- **DATA TO PROCESS**:
lemma card_invariant_fully_separable_imp_mixture:
  assumes A: "finite A" and M: "card_invariant A M" and fs: "fully_separable A M"
  obtains K p a b where "\<forall>k<K. p k \<ge> 0" "(\<Sum>k<K. p k) = 1"
    "\<forall>k<K. a k * cnj (a k) + b k * cnj (b k) = 1"
    "\<forall>x\<in>Pow A. \<forall>y\<in>Pow A. M x y = tensor_power_mixture A K p a b x y"
proof -
  obtain K :: nat and p :: "nat \<Rightarrow> real" and vs :: "nat \<Rightarrow> qvec"
    where kp: "\<forall>k<K. p k \<ge> 0 \<and> unit_vec A (vs k) \<and> pure_fullsep A (vs k)"
    and p1: "(\<Sum>k<K. p k) = 1"
    and dec: "\<forall>x\<in>Pow A. \<forall>y\<in>Pow A. M x y = (\<Sum>k<K. complex_of_real (p k) * vs k x * cnj (vs k y))"
    using fs unfolding fully_separable_def convex_pure_def by blast
  have p: "\<forall>k<K. p k \<ge> 0" using kp by blast
  define normalises where "normalises k ab \<longleftrightarrow> fst ab * cnj (fst ab) + snd ab * cnj (snd ab) = 1 \<and>
    (p k > 0 \<longrightarrow> (\<forall>x\<subseteq>A. \<forall>y\<subseteq>A. vs k x * cnj (vs k y) =
       tensor_power (card A) (fst ab) (snd ab) x * cnj (tensor_power (card A) (fst ab) (snd ab) y)))"
    for k ab
  have "\<exists>ab. normalises k ab" if "k \<in> {..<K}" for k
  proof (cases "p k > 0")
    case True
    have k: "k < K" using that by simp
    obtain a b where "a * cnj a + b * cnj b = 1" "\<And>x y. x \<subseteq> A \<Longrightarrow> y \<subseteq> A \<Longrightarrow>
        vs k x * cnj (vs k y) = tensor_power (card A) a b x * cnj (tensor_power (card A) a b y)"
      by (rule card_invariant_fullsep_component[OF A M dec p k True]) (use kp k in auto)
    then show ?thesis unfolding normalises_def by (intro exI[of _ "(a, b)"]) auto
  next
    case False
    then show ?thesis unfolding normalises_def by (intro exI[of _ "(1, 0)"]) simp
  qed
  then have "\<forall>k\<in>{..<K}. \<exists>ab. normalises k ab" by blast
  from bchoice[OF this] obtain f where f: "\<forall>k\<in>{..<K}. normalises k (f k)" by blast
  show ?thesis
  proof (rule that[of K p "\<lambda>k. fst (f k)" "\<lambda>k. snd (f k)", OF p p1])
    show "\<forall>k<K. fst (f k) * cnj (fst (f k)) + snd (f k) * cnj (snd (f k)) = 1"
      using f unfolding normalises_def by simp
    have "complex_of_real (p k) * vs k x * cnj (vs k y) = complex_of_real (p k) *
        tensor_power (card A) (fst (f k)) (snd (f k)) x * cnj (tensor_power (card A) (fst (f k)) (snd (f k)) y)"
      if "k < K" "x \<subseteq> A" "y \<subseteq> A" for k x y
      using f p that unfolding normalises_def by (cases "p k > 0") (auto simp: mult.assoc)
    then show "\<forall>x\<in>Pow A. \<forall>y\<in>Pow A. M x y = tensor_power_mixture A K p (\<lambda>k. fst (f k)) (\<lambda>k. snd (f k)) x y"
      using dec unfolding tensor_power_mixture_def by (auto intro!: sum.cong)
  qed
qed

section \<open>Marginals of permutation-invariant operators\<close>

lemma ptrace_eq_0: "\<not> (u \<subseteq> S \<and> v \<subseteq> S) \<Longrightarrow> ptrace A S M u v = 0"
  unfolding ptrace_def by auto

lemma ptrace_ptrace:
  assumes N: "finite N" and WB: "W \<subseteq> B" and BN: "B \<subseteq> N"
  shows "ptrace B W (ptrace N B M) = ptrace N W M"
proof (intro ext)
  fix u v
  show "ptrace B W (ptrace N B M) u v = ptrace N W M u v"
  proof (cases "u \<subseteq> W \<and> v \<subseteq> W")
    case True
    have fin: "finite (B - W)" "finite (N - B)" using N BN finite_subset by auto
    have NW: "N - W = (B - W) \<union> (N - B)" using WB BN by auto
    have disj: "(B - W) \<inter> (N - B) = {}" by blast
    have "ptrace N W M u v = (\<Sum>z1\<in>Pow (B - W). \<Sum>z2\<in>Pow (N - B). M (u \<union> (z1 \<union> z2)) (v \<union> (z1 \<union> z2)))"
      using True unfolding ptrace_def NW by (simp add: sum_Pow_Un_disjoint[OF fin disj])
    also have "\<dots> = (\<Sum>z1\<in>Pow (B - W). ptrace N B M (u \<union> z1) (v \<union> z1))"
    proof (rule sum.cong[OF refl])
      fix z1 assume "z1 \<in> Pow (B - W)"
      then have "u \<union> z1 \<subseteq> B" "v \<union> z1 \<subseteq> B" using True WB by auto
      then show "(\<Sum>z2\<in>Pow (N - B). M (u \<union> (z1 \<union> z2)) (v \<union> (z1 \<union> z2))) = ptrace N B M (u \<union> z1) (v \<union> z1)"
        unfolding ptrace_def by (simp add: Un_assoc)
    qed
    also have "\<dots> = ptrace B W (ptrace N B M) u v" using True unfolding ptrace_def[of B W] by simp
    finally show ?thesis by simp
  qed (simp add: ptrace_eq_0)
qed

lemma ptrace_card_invariant_cong:
  assumes N: "finite N" and M: "card_invariant N M"
    and W: "W \<subseteq> N" "W' \<subseteq> N" "card W = card W'"
    and uv: "u \<subseteq> W" "v \<subseteq> W" "u' \<subseteq> W'" "v' \<subseteq> W'" "card u = card u'" "card v = card v'"
  shows "ptrace N W M u v = ptrace N W' M u' v'"
proof -
  have fin: "finite (N - W)" "finite (N - W')" using N by auto
  have "card (N - W) = card (N - W')" using W N by (simp add: card_Diff_subset finite_subset)
  then obtain h where h: "bij_betw h (N - W) (N - W')" using fin finite_same_card_bij by blast
  have "ptrace N W' M u' v' = (\<Sum>z\<in>Pow (N - W'). M (u' \<union> z) (v' \<union> z))"
    using uv unfolding ptrace_def by simp
  also have "\<dots> = (\<Sum>z\<in>Pow (N - W). M (u' \<union> h ` z) (v' \<union> h ` z))"
    by (rule sum.reindex_bij_betw[OF bij_betw_Pow[OF h], symmetric])
  also have "\<dots> = (\<Sum>z\<in>Pow (N - W). M (u \<union> z) (v \<union> z))"
  proof (rule sum.cong[OF refl])
    fix z assume z: "z \<in> Pow (N - W)"
    have "inj_on h z" using h z by (meson PowD bij_betw_imp_inj_on inj_on_subset)
    then have "card (h ` z) = card z" by (rule card_image)
    moreover have hz: "h ` z \<subseteq> N - W'" using h z by (auto simp: bij_betw_def)
    moreover have "finite W" "finite W'" using W N by (auto intro: finite_subset)
    then have "finite z" "finite u" "finite v" "finite u'" "finite v'"
      using z fin(1) uv by (auto intro: finite_subset)
    moreover have "u \<inter> z = {}" "v \<inter> z = {}" "u' \<inter> h ` z = {}" "v' \<inter> h ` z = {}"
      using z uv hz by auto
    ultimately have "card (u' \<union> h ` z) = card (u \<union> z)" "card (v' \<union> h ` z) = card (v \<union> z)"
      using uv by (simp_all add: card_Un_disjoint)
    moreover have "u' \<union> h ` z \<subseteq> N" "v' \<union> h ` z \<subseteq> N" "u \<union> z \<subseteq> N" "v \<union> z \<subseteq> N"
      using uv W hz z by auto
    ultimately show "M (u' \<union> h ` z) (v' \<union> h ` z) = M (u \<union> z) (v \<union> z)"
      by (intro card_invariantD[OF M]) simp_all
  qed
  also have "\<dots> = ptrace N W M u v"
    using uv unfolding ptrace_def by simp
  finally show ?thesis by simp
qed

lemma card_invariant_ptrace:
  assumes "finite N" "card_invariant N M" "W \<subseteq> N"
  shows "card_invariant W (ptrace N W M)"
  unfolding card_invariant_def
proof (intro allI impI)
  fix x y x' y' assume "x \<subseteq> W" "y \<subseteq> W" "x' \<subseteq> W" "y' \<subseteq> W" "card x = card x'" "card y = card y'"
  then show "ptrace N W M x y = ptrace N W M x' y'"
    by (rule ptrace_card_invariant_cong[OF assms assms(3) refl])
qed

text \<open>Relabel \<open>W\<close> into \<open>S\<close>, where the smaller marginal is a partial trace of the common one.\<close>
lemma ptrace_eq_of_card_le:
  assumes N: "finite N" and M: "card_invariant N M" and M': "card_invariant N M'"
    and S: "S \<subseteq> N" "ptrace N S M = ptrace N S M'"
    and W: "W \<subseteq> N" "card W \<le> card S"
  shows "ptrace N W M = ptrace N W M'"
proof (intro ext)
  fix u v
  show "ptrace N W M u v = ptrace N W M' u v"
  proof (cases "u \<subseteq> W \<and> v \<subseteq> W")
    case True
    have fin: "finite S" "finite W" using N S W finite_subset by auto
    obtain W1 where W1: "W1 \<subseteq> S" "card W1 = card W" using obtain_subset_with_card_n[OF W(2)] by blast
    have "card u \<le> card W1" "card v \<le> card W1" using True fin W1 by (auto intro: card_mono)
    obtain u1 where u1: "u1 \<subseteq> W1" "card u1 = card u"
      using obtain_subset_with_card_n[OF \<open>card u \<le> card W1\<close>] by blast
    obtain v1 where v1: "v1 \<subseteq> W1" "card v1 = card v"
      using obtain_subset_with_card_n[OF \<open>card v \<le> card W1\<close>] by blast
    have W1N: "W1 \<subseteq> N" using W1 S by auto
    have "ptrace N W M u v = ptrace N W1 M u1 v1"
      using True u1 v1 by (intro ptrace_card_invariant_cong[OF N M W(1) W1N W1(2)[symmetric]]) auto
    also have "\<dots> = ptrace N W1 M' u1 v1"
      unfolding ptrace_ptrace[OF N W1(1) S(1), symmetric] S(2) ..
    also have "\<dots> = ptrace N W M' u v"
      using True u1 v1 by (intro ptrace_card_invariant_cong[OF N M' W1N W(1) W1(2)]) auto
    finally show ?thesis .
  qed (simp add: ptrace_eq_0)
qed

lemma sum_swap_diag_ptrace:
  assumes N: "finite N" and S: "S \<subseteq> N" and ij: "i \<in> S" "j \<in> S"
  shows "(\<Sum>x\<in>Pow N. M (swap_lbl i j x) x) = (\<Sum>u\<in>Pow S. ptrace N S M (swap_lbl i j u) u)"
proof -
  have fin: "finite S" "finite (N - S)" using N S finite_subset by auto
  have "(\<Sum>x\<in>Pow N. M (swap_lbl i j x) x) =
      (\<Sum>u\<in>Pow S. \<Sum>z\<in>Pow (N - S). M (swap_lbl i j (u \<union> z)) (u \<union> z))"
    using sum_Pow_Un_disjoint[OF fin, of "\<lambda>x. M (swap_lbl i j x) x"] S by (simp add: Un_absorb1)
  also have "\<dots> = (\<Sum>u\<in>Pow S. ptrace N S M (swap_lbl i j u) u)"
  proof (rule sum.cong[OF refl])
    fix u assume "u \<in> Pow S"
    moreover have "swap_lbl i j (u \<union> z) = swap_lbl i j u \<union> z" if "z \<in> Pow (N - S)" for z
      using swap_lbl_Un_disjoint[OF ij] that by blast
    ultimately show "(\<Sum>z\<in>Pow (N - S). M (swap_lbl i j (u \<union> z)) (u \<union> z)) = ptrace N S M (swap_lbl i j u) u"
      using swap_lbl_subset[OF ij] unfolding ptrace_def by simp
  qed
  finally show ?thesis .
qed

- **WORK TO COMPLETE**: Every line from the top of the material above through the line holding "proof (rule that[of" should be reproduced word for word, and nothing beyond it.

- **SOLVED PROBLEM**:
lemma card_invariant_fully_separable_imp_mixture:
  assumes A: "finite A" and M: "card_invariant A M" and fs: "fully_separable A M"
  obtains K p a b where "\<forall>k<K. p k \<ge> 0" "(\<Sum>k<K. p k) = 1"
    "\<forall>k<K. a k * cnj (a k) + b k * cnj (b k) = 1"
    "\<forall>x\<in>Pow A. \<forall>y\<in>Pow A. M x y = tensor_power_mixture A K p a b x y"
proof -
  obtain K :: nat and p :: "nat \<Rightarrow> real" and vs :: "nat \<Rightarrow> qvec"
    where kp: "\<forall>k<K. p k \<ge> 0 \<and> unit_vec A (vs k) \<and> pure_fullsep A (vs k)"
    and p1: "(\<Sum>k<K. p k) = 1"
    and dec: "\<forall>x\<in>Pow A. \<forall>y\<in>Pow A. M x y = (\<Sum>k<K. complex_of_real (p k) * vs k x * cnj (vs k y))"
    using fs unfolding fully_separable_def convex_pure_def by blast
  have p: "\<forall>k<K. p k \<ge> 0" using kp by blast
  define normalises where "normalises k ab \<longleftrightarrow> fst ab * cnj (fst ab) + snd ab * cnj (snd ab) = 1 \<and>
    (p k > 0 \<longrightarrow> (\<forall>x\<subseteq>A. \<forall>y\<subseteq>A. vs k x * cnj (vs k y) =
       tensor_power (card A) (fst ab) (snd ab) x * cnj (tensor_power (card A) (fst ab) (snd ab) y)))"
    for k ab
  have "\<exists>ab. normalises k ab" if "k \<in> {..<K}" for k
  proof (cases "p k > 0")
    case True
    have k: "k < K" using that by simp
    obtain a b where "a * cnj a + b * cnj b = 1" "\<And>x y. x \<subseteq> A \<Longrightarrow> y \<subseteq> A \<Longrightarrow>
        vs k x * cnj (vs k y) = tensor_power (card A) a b x * cnj (tensor_power (card A) a b y)"
      by (rule card_invariant_fullsep_component[OF A M dec p k True]) (use kp k in auto)
    then show ?thesis unfolding normalises_def by (intro exI[of _ "(a, b)"]) auto
  next
    case False
    then show ?thesis unfolding normalises_def by (intro exI[of _ "(1, 0)"]) simp
  qed
  then have "\<forall>k\<in>{..<K}. \<exists>ab. normalises k ab" by blast
  from bchoice[OF this] obtain f where f: "\<forall>k\<in>{..<K}. normalises k (f k)" by blast
  show ?thesis
  proof (rule that[of K p "\<lambda>k. fst (f k)" "\<lambda>k. snd (f k)", OF p p1])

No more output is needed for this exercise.